The following is an example showing how to query multiple nested arrays in JSON data in a PostgreSQL database.

Given

CREATE TABLE sample_json (
  id serial PRIMARY KEY,
  name varchar(64),
  json_data json
);


INSERT INTO sample_json (name, json_data)
VALUES
	(
	'NA',
	'
	{
	    "location": "US",
	    "topLevelArray": [
	        {
	            "id": 1,
	            "secondLevelArray": [
	                {
	                    "key": "someKey",
	                    "operator": "=",
	                    "value": 10
	                },
	                {
	                    "key": "foo",
	                    "operator": ">=",
	                    "value": 5
	                },
	                {
	                    "key": "someOtherKey",
	                    "operator": ">",
	                    "value": 647
	                }
	            ]
	        },
	        {
	            "id": 2,
	            "secondLevelArray": [
	                {
	                    "key": "blah",
	                    "operator": "<",
	                    "value": 7
	                }
	            ]
	        }
	    ]
	}
	'
	),
	(
	'EU',
	'
	{
	    "location": "poland",
	    "topLevelArray": [
	        {
	            "id": 2,
	            "secondLevelArray": [
	                {
	                    "key": "bar",
	                    "operator": "<",
	                    "value": 10
	                },
	                {
	                    "key": "moo",
	                    "operator": ">=",
	                    "value": 16
	                },
	                {
	                    "key": "baz",
	                    "operator": "!=",
	                    "value": 9
	                }
	            ]
	        }
	    ]
	}
	'	
	)
;

With the aforementioned data, let’s say we want to know the id of the rows that have an object in the secondLevelArray with operator equal to >= and the value of the key field.

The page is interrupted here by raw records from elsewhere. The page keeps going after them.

(* Let $A$ be a $p$-torsion free ring with a ring endomorphism $\phi$ satisfying $\phi(a)\equiv a^p\pmod{pA}$ for all $a\in A$. For every $a\in A$ and $n\ge1$: (i) $[a]=s_\phi(a)+Vs_\phi(\Delta_1(a))+\cdots+V^{n-1}s_\phi(\Delta_{n-1}(a))+V^n[\Delta_n(a)]$ in $W_{n+1}(A)$; (ii) $a^{p^n}=\sum_{s=0}^n p^s\phi^{n-s}(\Delta_s(a))$; (iii) $p^{n-1}\Delta_n(a)=\Delta_1(a^{p^{n-1}})$; (iv) for $n\ge2$, $\Delta_n(a)\equiv a^{p^n-p}\Delta_1(a)+a^{p^n-2p}\Delta_1(a)^p\pmod p$ if $p=2$, and $\Delta_n(a)\equiv a^{p^n-p}\Delta_1(a)\pmod p$ if $p$ is odd.
   Context: $W(A)$, $W_n(A)$: $p$-typical Witt vectors (of length $n$), $[a]$ Teichmüller lift, $V$ Verschiebung, ghost components $\varphi_m(a_0,a_1,\dots)=\sum_{i=0}^mp^ia_i^{p^{m-i}}$. $s_\phi:A\to W(A)$ is the unique ring map with $\varphi_m(s_\phi(a))=\phi^m(a)$ for all $m$ (also composed with restriction to $W_n(A)$). Define $\Delta_{W_n}:W_n(A)\to W_{n-1}(A)$ by $V\Delta_{W_n}(\alpha)=\alpha-s_\phi(a_0)$ for $\alpha=(a_0,\dots,a_{n-1})$. Set $\Delta_0(a)=a$ and $\Delta_s(a)=\Delta_{W_2}\circ\cdots\circ\Delta_{W_{s+1}}([a])\in A$ for $s\ge1$; in particular $\Delta_1(a)=(a^p-\phi(a))/p$. *)

theory Defs
  imports "HOL-Computational_Algebra.Primes"
begin

text \<open>p-typical Witt vectors over a commutative ring 'a, represented as sequences
  nat => 'a; a Witt vector of length n is a sequence whose components of index
  >= n vanish.  Throughout, the ring is assumed p-torsion free (hypothesis of the
  theorem), so the ghost map is injective and the Witt ring operations on W_n(A)
  are characterised as the unique vectors with prescribed ghost components.\<close>

definition ghost :: "nat \<Rightarrow> nat \<Rightarrow> (nat \<Rightarrow> 'a::comm_ring_1) \<Rightarrow> 'a" where
  "ghost p m x = (\<Sum>i\<le>m. of_nat p ^ i * x i ^ (p ^ (m - i)))"

definition wtrunc :: "nat \<Rightarrow> (nat \<Rightarrow> 'a::zero) \<Rightarrow> bool" where
  "wtrunc n x \<longleftrightarrow> (\<forall>i\<ge>n. x i = 0)"

definition witt_add :: "nat \<Rightarrow> nat \<Rightarrow> (nat \<Rightarrow> 'a::comm_ring_1) \<Rightarrow> (nat \<Rightarrow> 'a) \<Rightarrow> (nat \<Rightarrow> 'a)" where
  "witt_add p n x y = (THE z. wtrunc n z \<and> (\<forall>m<n. ghost p m z = ghost p m x + ghost p m y))"

definition witt_sub :: "nat \<Rightarrow> nat \<Rightarrow> (nat \<Rightarrow> 'a::comm_ring_1) \<Rightarrow> (nat \<Rightarrow> 'a) \<Rightarrow> (nat \<Rightarrow> 'a)" where
  "witt_sub p n x y = (THE z. wtrunc n z \<and> (\<forall>m<n. ghost p m z = ghost p m x - ghost p m y))"

definition witt_sum :: "nat \<Rightarrow> nat \<Rightarrow> (nat \<Rightarrow> 'a::comm_ring_1) list \<Rightarrow> (nat \<Rightarrow> 'a)" where
  "witt_sum p n xs = foldr (witt_add p n) xs (\<lambda>_. 0)"

definition teich :: "nat \<Rightarrow> 'a::zero \<Rightarrow> (nat \<Rightarrow> 'a)" where
  "teich n a = (\<lambda>i. if i = 0 \<and> 0 < n then a else 0)"

definition wV :: "(nat \<Rightarrow> 'a::zero) \<Rightarrow> (nat \<Rightarrow> 'a)" where
  "wV x = (\<lambda>i. if i = 0 then 0 else x (i - 1))"

definition s_phi :: "nat \<Rightarrow> ('a::comm_ring_1 \<Rightarrow> 'a) \<Rightarrow> nat \<Rightarrow> 'a \<Rightarrow> (nat \<Rightarrow> 'a)" where
  "s_phi p \<phi> n a = (THE z. wtrunc n z \<and> (\<forall>m<n. ghost p m z = (\<phi> ^^ m) a))"

definition DeltaW :: "nat \<Rightarrow> ('a::comm_ring_1 \<Rightarrow> 'a) \<Rightarrow> nat \<Rightarrow> (nat \<Rightarrow> 'a) \<Rightarrow> (nat \<Rightarrow> 'a)" where
  "DeltaW p \<phi> n \<alpha> = (THE \<beta>. wtrunc (n - 1) \<beta> \<and> wV \<beta> = witt_sub p n \<alpha> (s_phi p \<phi> n (\<alpha> 0)))"

primrec delta_iter :: "nat \<Rightarrow> ('a::comm_ring_1 \<Rightarrow> 'a) \<Rightarrow> nat \<Rightarrow> nat \<Rightarrow> (nat \<Rightarrow> 'a) \<Rightarrow> (nat \<Rightarrow> 'a)" where
  "delta_iter p \<phi> 0 n \<alpha> = \<alpha>"
| "delta_iter p \<phi> (Suc k) n \<alpha> = delta_iter p \<phi> k (n - 1) (DeltaW p \<phi> n \<alpha>)"

definition Delta :: "nat \<Rightarrow> ('a::comm_ring_1 \<Rightarrow> 'a) \<Rightarrow> nat \<Rightarrow> 'a \<Rightarrow> 'a" where
  "Delta p \<phi> s a = delta_iter p \<phi> s (s + 1) (teich (s + 1) a) 0"

end

theory Submission
  imports Defs
begin

text \<open>Since \<open>p\<close> is a non-zero-divisor, a truncated Witt vector is determined by its ghost
  components, and a sequence \<open>w\<close> is the ghost vector of one iff it satisfies Dwork's
  congruences \<open>w (m+1) \<equiv> \<phi> (w m) mod p^(m+1)\<close>. So every Witt vector operation in the
  statement can be computed on ghost components, where \<open>\<Delta>_W\<close> becomes
  \<open>w \<mapsto> (\<lambda>m. (w (m+1) - \<phi>^(m+1) (w 0)) / p)\<close>. Iterating this on the ghost vector
  \<open>\<lambda>m. a^(p^m)\<close> of \<open>[a]\<close> gives (ii), and (i) is (ii) read on ghost components.
  Subtracting \<open>\<phi>\<close> of (ii) for \<open>n\<close> from (ii) for \<open>n+1\<close> gives
  \<open>p^(n+1) \<Delta>_(n+1)(a) = a^(p^(n+1)) - \<phi>(a)^(p^n)\<close>, whence (iii). For (iv) write
  \<open>\<phi>(a)^(p^k) = U - t\<close> with \<open>U = a^(p^(k+1))\<close> and \<open>t = p^(k+1) \<Delta>_(k+1)(a)\<close>; expanding
  \<open>U^p - (U - t)^p\<close> to second order in \<open>t\<close> shows
  \<open>\<Delta>_(k+2)(a) \<equiv> U^(p-1) \<Delta>_(k+1)(a) - (p choose 2) p^k U^(p-2) \<Delta>_(k+1)(a)^2 mod p\<close>,
  and the middle term vanishes mod \<open>p\<close> unless \<open>p = 2\<close> and \<open>k = 0\<close>.\<close>

lemma dvd_diff_iff_eq_add: "(d::'a::comm_ring_1) dvd x - y \<longleftrightarrow> (\<exists>c. x = y + d * c)"
  by (metis add_diff_cancel_left' diff_add_cancel dvd_def)

lemma dvd_power_diff_power:
  fixes x y t :: "'a::comm_ring_1"
  assumes "t dvd x - y"
  shows "t dvd x ^ m - y ^ m"
  using assms power_diff_sumr2[of x m y] by (metis dvd_mult2)

lemma of_nat_power_dvd_power_diff_power:
  fixes x y :: "'a::comm_ring_1"
  assumes "1 \<le> j" and xy: "of_nat p ^ j dvd x - y"
  shows "of_nat p ^ Suc j dvd x ^ p - y ^ p"
proof -
  define S where "S = (\<Sum>i<p. y ^ (p - Suc i) * x ^ i)"
  have "(\<Sum>i<p. y ^ (p - Suc i) * y ^ i) = (\<Sum>i<p. y ^ (p - 1))"
    by (intro sum.cong) (auto simp: power_add[symmetric])
  then have "S - of_nat p * y ^ (p - 1) = (\<Sum>i<p. y ^ (p - Suc i) * (x ^ i - y ^ i))"
    unfolding S_def by (simp add: sum_subtractf algebra_simps)
  moreover have "of_nat p dvd (\<Sum>i<p. y ^ (p - Suc i) * (x ^ i - y ^ i))"
    using \<open>1 \<le> j\<close> xy by (intro dvd_sum dvd_mult dvd_power_diff_power)
      (auto intro: dvd_trans[OF dvd_power[of j]])
  ultimately have "of_nat p dvd S"
    by (metis diff_add_cancel dvd_add dvd_triv_left)
  then have "of_nat p ^ j * of_nat p dvd (x - y) * S"
    using xy by (rule mult_dvd_mono[rotated])
  then show ?thesis
    unfolding S_def power_diff_sumr2[of x p y] by (simp add: mult.commute)
qed

lemma of_nat_power_dvd_power_power_diff:
  fixes x y :: "'a::comm_ring_1"
  assumes "of_nat p dvd x - y"
  shows "of_nat p ^ Suc k dvd x ^ (p ^ k) - y ^ (p ^ k)"
proof (induction k)
  case (Suc k)
  have "of_nat p ^ Suc (Suc k) dvd (x ^ p ^ k) ^ p - (y ^ p ^ k) ^ p"
    using Suc by (intro of_nat_power_dvd_power_diff_power) auto
  then show ?case
    by (simp add: power_mult[symmetric] mult.commute)
qed (use assms in simp)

The concept to understand to be able to search for all of the keys in the secondLevelArray where the operator is >= is the lateral join. The TLDR; is that a subquery appearing in the FROM clause can reference columns provided by preceding items. Or, you can write clauses in the FROM clause that read from the result of previous FROM clauses.

Let’s run some queries and go through them, line-by-line. First we will just select everything in the table.

SELECT * FROM sample_json;

|id |name|json_data                                                                                                                                                                                                                                                                                                                                                                                                                                                                                                                                                                                                                                                                                                                                                                                                                                                                                                                          |
|---|----|-----------------------------------------------------------------------------------------------------------------------------------------------------------------------------------------------------------------------------------------------------------------------------------------------------------------------------------------------------------------------------------------------------------------------------------------------------------------------------------------------------------------------------------------------------------------------------------------------------------------------------------------------------------------------------------------------------------------------------------------------------------------------------------------------------------------------------------------------------------------------------------------------------------------------------------|
|1  |NA  |"
	{
	    \"location\": \"US\",
	    \"topLevelArray\": [
	        {
	            \"id\": 1,
	            \"secondLevelArray\": [
	                {
	                    \"key\": \"someKey\",
	                    \"operator\": \"=\",
	                    \"value\": 10
	                },
	                {
	                    \"key\": \"foo\",
	                    \"operator\": \">=\",
	                    \"value\": 5
	                },
	                {
	                    \"key\": \"someOtherKey\",
	                    \"operator\": \">\",
	                    \"value\": 647
	                }
	            ]
	        },
	        {
	            \"id\": 2,
	            \"secondLevelArray\": [
	                {
	                    \"key\": \"blah\",
	                    \"operator\": \"<\",
	                    \"value\": 7
	                }
	            ]
	        }
	    ]
	}
	"|
|2  |EU  |"
	{
	    \"location\": \"poland\",
	    \"topLevelArray\": [
	        {
	            \"id\": 2,
	            \"secondLevelArray\": [
	                {
	                    \"key\": \"bar\",
	                    \"operator\": \"<\",
	                    \"value\": 10
	                },
	                {
	                    \"key\": \"moo\",
	                    \"operator\": \">=\",
	                    \"value\": 16
	                },
	                {
	                    \"key\": \"baz\",
	                    \"operator\": \"!=\",
	                    \"value\": 9
	                }
	            ]
	        }
	    ]
	}
	"                                                                                                                                                                                                                                                                      |

As expected, we just get back everything.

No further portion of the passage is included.